▶ **Task brief**
The line that contains "module scale \<and>" marks the end: retype the data below exactly from its first line through that line.

(Saved entries)
text \<open>All arities live in one ambient k-module
  (type 'b with scalar multiplication scale over the ring 'a); O(n) is the
  submodule C n. cmp m n i f g is the partial composition f o_i g of f in O(m),
  g in O(n). Axioms are only imposed on the carriers (arities n >= 1).\<close>

definition ns_operad ::
  "('a::comm_ring_1 \<Rightarrow> 'b::ab_group_add \<Rightarrow> 'b) \<Rightarrow> (nat \<Rightarrow> 'b set)
     \<Rightarrow> (nat \<Rightarrow> nat \<Rightarrow> nat \<Rightarrow> 'b \<Rightarrow> 'b \<Rightarrow> 'b) \<Rightarrow> 'b \<Rightarrow> bool" where
  "ns_operad scale C cmp u \<longleftrightarrow>
     module scale \<and>
     (\<forall>n\<ge>1. 0 \<in> C n \<and> (\<forall>x\<in>C n. \<forall>y\<in>C n. x + y \<in> C n) \<and> (\<forall>c. \<forall>x\<in>C n. scale c x \<in> C n)) \<and>
     u \<in> C 1 \<and>
     (\<forall>m n i f g. 1 \<le> m \<and> 1 \<le> n \<and> 1 \<le> i \<and> i \<le> m \<and> f \<in> C m \<and> g \<in> C n \<longrightarrow>
        cmp m n i f g \<in> C (m + n - 1)) \<and>
     (\<forall>m n i f f' g. 1 \<le> m \<and> 1 \<le> n \<and> 1 \<le> i \<and> i \<le> m \<and> f \<in> C m \<and> f' \<in> C m \<and> g \<in> C n \<longrightarrow>
        cmp m n i (f + f') g = cmp m n i f g + cmp m n i f' g) \<and>
     (\<forall>m n i f g g'. 1 \<le> m \<and> 1 \<le> n \<and> 1 \<le> i \<and> i \<le> m \<and> f \<in> C m \<and> g \<in> C n \<and> g' \<in> C n \<longrightarrow>
        cmp m n i f (g + g') = cmp m n i f g + cmp m n i f g') \<and>
     (\<forall>m n i c f g. 1 \<le> m \<and> 1 \<le> n \<and> 1 \<le> i \<and> i \<le> m \<and> f \<in> C m \<and> g \<in> C n \<longrightarrow>
        cmp m n i (scale c f) g = scale c (cmp m n i f g) \<and>
        cmp m n i f (scale c g) = scale c (cmp m n i f g)) \<and>
     (\<forall>m n p i j f g h. 1 \<le> m \<and> 1 \<le> n \<and> 1 \<le> p \<and> 1 \<le> i \<and> i \<le> m \<and> 1 \<le> j \<and> j \<le> n \<and>
        f \<in> C m \<and> g \<in> C n \<and> h \<in> C p \<longrightarrow>
        cmp (m + n - 1) p (i + j - 1) (cmp m n i f g) h = cmp m (n + p - 1) i f (cmp n p j g h)) \<and>
     (\<forall>m n p i j f g h. 1 \<le> m \<and> 1 \<le> n \<and> 1 \<le> p \<and> 1 \<le> i \<and> i < j \<and> j \<le> m \<and>
        f \<in> C m \<and> g \<in> C n \<and> h \<in> C p \<longrightarrow>
        cmp (m + n - 1) p (j + n - 1) (cmp m n i f g) h = cmp (m + p - 1) n i (cmp m p j f h) g) \<and>
     (\<forall>m i f. 1 \<le> m \<and> 1 \<le> i \<and> i \<le> m \<and> f \<in> C m \<longrightarrow> cmp m 1 i f u = f) \<and>
     (\<forall>m f. 1 \<le> m \<and> f \<in> C m \<longrightarrow> cmp 1 m 1 u f = f)"

definition is_multiplication :: "(nat \<Rightarrow> 'b set) \<Rightarrow> (nat \<Rightarrow> nat \<Rightarrow> nat \<Rightarrow> 'b \<Rightarrow> 'b \<Rightarrow> 'b) \<Rightarrow> 'b \<Rightarrow> bool" where
  "is_multiplication C cmp p \<longleftrightarrow> p \<in> C 2 \<and> cmp 2 2 1 p p = cmp 2 2 2 p p"

definition compatible_multiplication ::
  "(nat \<Rightarrow> 'b::ab_group_add set) \<Rightarrow> (nat \<Rightarrow> nat \<Rightarrow> nat \<Rightarrow> 'b \<Rightarrow> 'b \<Rightarrow> 'b) \<Rightarrow> 'b \<Rightarrow> 'b \<Rightarrow> bool" where
  "compatible_multiplication C cmp p1 p2 \<longleftrightarrow>
     is_multiplication C cmp p1 \<and> is_multiplication C cmp p2 \<and>
     cmp 2 2 1 p1 p2 + cmp 2 2 1 p2 p1 = cmp 2 2 2 p1 p2 + cmp 2 2 2 p2 p1"

text \<open>The operad O^comp. An element of O^comp(n) = O(n)^{(+)n} is a function F :: nat => 'b
  with F k the k-th component (1 <= k <= n), and F k = 0 outside {1..n}.\<close>
definition comp_scale :: "('a \<Rightarrow> 'b \<Rightarrow> 'b) \<Rightarrow> 'a \<Rightarrow> (nat \<Rightarrow> 'b) \<Rightarrow> (nat \<Rightarrow> 'b)" where
  "comp_scale scale c F = (\<lambda>k. scale c (F k))"

definition comp_carrier :: "(nat \<Rightarrow> 'b::zero set) \<Rightarrow> nat \<Rightarrow> (nat \<Rightarrow> 'b) set" where
  "comp_carrier C n = {F. (\<forall>k\<in>{1..n}. F k \<in> C n) \<and> (\<forall>k. k \<notin> {1..n} \<longrightarrow> F k = 0)}"

definition comp_comp ::
  "(nat \<Rightarrow> nat \<Rightarrow> nat \<Rightarrow> 'b::comm_monoid_add \<Rightarrow> 'b \<Rightarrow> 'b)
     \<Rightarrow> nat \<Rightarrow> nat \<Rightarrow> nat \<Rightarrow> (nat \<Rightarrow> 'b) \<Rightarrow> (nat \<Rightarrow> 'b) \<Rightarrow> (nat \<Rightarrow> 'b)" where
  "comp_comp cmp m n i F G =
     (\<lambda>k. if 1 \<le> k \<and> k \<le> m + n - 1 then
            (\<Sum>(r, s) \<in> {(r, s). r \<in> {1..m} \<and> s \<in> {1..n} \<and> r + s = k + 1}. cmp m n i (F r) (G s))
          else 0)"

definition comp_unit :: "'b::zero \<Rightarrow> (nat \<Rightarrow> 'b)" where
  "comp_unit u = (\<lambda>k. if k = 1 then u else 0)"

end

theory Submission
  imports Defs
begin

▶ **Exercise response**
text \<open>All arities live in one ambient k-module
  (type 'b with scalar multiplication scale over the ring 'a); O(n) is the
  submodule C n. cmp m n i f g is the partial composition f o_i g of f in O(m),
  g in O(n). Axioms are only imposed on the carriers (arities n >= 1).\<close>

definition ns_operad ::
  "('a::comm_ring_1 \<Rightarrow> 'b::ab_group_add \<Rightarrow> 'b) \<Rightarrow> (nat \<Rightarrow> 'b set)
     \<Rightarrow> (nat \<Rightarrow> nat \<Rightarrow> nat \<Rightarrow> 'b \<Rightarrow> 'b \<Rightarrow> 'b) \<Rightarrow> 'b \<Rightarrow> bool" where
  "ns_operad scale C cmp u \<longleftrightarrow>
     module scale \<and>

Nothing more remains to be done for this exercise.